[PROBLEM STATEMENT]:
Please report each line of the data below that contains "imports".
** MATERIAL SHOWN follows **
(* Let $N\geq 2$, $1\leq k<N$ be integers and assume $0<p<\frac 2k$. Then for any uniformly continuous, nonnegative and nontrivial $u_0:\mathbb R^N\to\mathbb R$, the solution of $$\partial_t u=\mathcal P_k^+ u+u^{1+p}\ \text{ in }(0,+\infty)\times\mathbb R^N,\qquad u(0,\cdot)=u_0,$$ blows up in finite time.
   Context: For $u:\mathbb R^N\to\mathbb R$, let $\lambda_1(D^2u)\leq\cdots\leq\lambda_N(D^2u)$ be the eigenvalues of the Hessian $D^2u$ and $\mathcal P_k^+ u:=\sum_{i=N-k+1}^N\lambda_i(D^2u)$. For uniformly continuous initial data the Cauchy problem is locally well-posed in time in the viscosity sense (with a comparison principle); "blows up in finite time" means the viscosity solution does not exist globally in time (it cannot be continued for all $t>0$). *)

theory Defs
  imports "HOL-Analysis.Analysis"
begin

definition sorted_eigs :: "real^'n^'n \<Rightarrow> (nat \<Rightarrow> real) \<Rightarrow> bool" where
  "sorted_eigs X lam \<longleftrightarrow>
     (\<forall>i j. i \<le> j \<longrightarrow> j < CARD('n) \<longrightarrow> lam i \<le> lam j) \<and>
     (\<forall>i\<ge>CARD('n). lam i = 0) \<and>
     (\<forall>t. det (t *\<^sub>R mat 1 - X) = (\<Prod>i<CARD('n). t - lam i))"

text \<open>Pucci-type operator: sum of the k largest eigenvalues,
  lambda_{N-k+1} + ... + lambda_N in the paper's 1-based indexing.\<close>
definition Pplus :: "nat \<Rightarrow> real^'n^'n \<Rightarrow> real" where
  "Pplus k X = (THE s. \<exists>lam. sorted_eigs X lam \<and>
                   s = (\<Sum>i\<in>{CARD('n) - k..<CARD('n)}. lam i))"

definition C12_test ::
  "(real \<Rightarrow> real^'n \<Rightarrow> real) \<Rightarrow> (real \<Rightarrow> real^'n \<Rightarrow> real) \<Rightarrow>
   (real \<Rightarrow> real^'n \<Rightarrow> real^'n) \<Rightarrow> (real \<Rightarrow> real^'n \<Rightarrow> real^'n^'n) \<Rightarrow> bool" where
  "C12_test phi phit Dphi H \<longleftrightarrow>
     (\<forall>t>0. \<forall>x.
        ((\<lambda>s. phi s x) has_real_derivative phit t x) (at t) \<and>
        ((phi t) has_derivative (\<lambda>h. Dphi t x \<bullet> h)) (at x) \<and>
        ((Dphi t) has_derivative (\<lambda>h. H t x *v h)) (at x)) \<and>
     continuous_on ({0<..} \<times> UNIV) (\<lambda>(t,x). phit t x) \<and>
     continuous_on ({0<..} \<times> UNIV) (\<lambda>(t,x). Dphi t x) \<and>
     continuous_on ({0<..} \<times> UNIV) (\<lambda>(t,x). H t x)"

definition visc_sub :: "nat \<Rightarrow> real \<Rightarrow> (real \<Rightarrow> real^'n \<Rightarrow> real) \<Rightarrow> bool" where
  "visc_sub k p u \<longleftrightarrow>
     (\<forall>phi phit Dphi H t0 x0.
        C12_test phi phit Dphi H \<and> t0 > 0 \<and>
        (\<exists>e>0. \<forall>t x. dist (t, x) (t0, x0) < e \<longrightarrow> u t x - phi t x \<le> u t0 x0 - phi t0 x0)
        \<longrightarrow> phit t0 x0 \<le> Pplus k (H t0 x0) + u t0 x0 powr (1 + p))"

definition visc_super :: "nat \<Rightarrow> real \<Rightarrow> (real \<Rightarrow> real^'n \<Rightarrow> real) \<Rightarrow> bool" where
  "visc_super k p u \<longleftrightarrow>
     (\<forall>phi phit Dphi H t0 x0.
        C12_test phi phit Dphi H \<and> t0 > 0 \<and>
        (\<exists>e>0. \<forall>t x. dist (t, x) (t0, x0) < e \<longrightarrow> u t x - phi t x \<ge> u t0 x0 - phi t0 x0)
        \<longrightarrow> phit t0 x0 \<ge> Pplus k (H t0 x0) + u t0 x0 powr (1 + p))"

text \<open>A global-in-time (nonnegative) viscosity solution of the Cauchy problem, in the
  well-posedness class: continuous on [0,\<infinity>) x R^N and uniformly continuous on each
  strip [0,T] x R^N.\<close>
definition global_solution ::
  "nat \<Rightarrow> real \<Rightarrow> (real^'n \<Rightarrow> real) \<Rightarrow> (real \<Rightarrow> real^'n \<Rightarrow> real) \<Rightarrow> bool" where
  "global_solution k p u0 u \<longleftrightarrow>
     continuous_on ({0..} \<times> UNIV) (\<lambda>(t,x). u t x) \<and>
     (\<forall>T>0. uniformly_continuous_on ({0..T} \<times> UNIV) (\<lambda>(t,x). u t x)) \<and>
     (\<forall>t\<ge>0. \<forall>x. u t x \<ge> 0) \<and>
     (\<forall>x. u 0 x = u0 x) \<and>
     visc_sub k p u \<and> visc_super k p u"

end

theory Submission
  imports Defs "HOL-Computational_Algebra.Polynomial" "HOL-Real_Asymp.Real_Asymp"
begin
** End of MATERIAL SHOWN **
[REPLY]:
  imports "HOL-Analysis.Analysis"
  imports Defs "HOL-Computational_Algebra.Polynomial" "HOL-Real_Asymp.Real_Asymp"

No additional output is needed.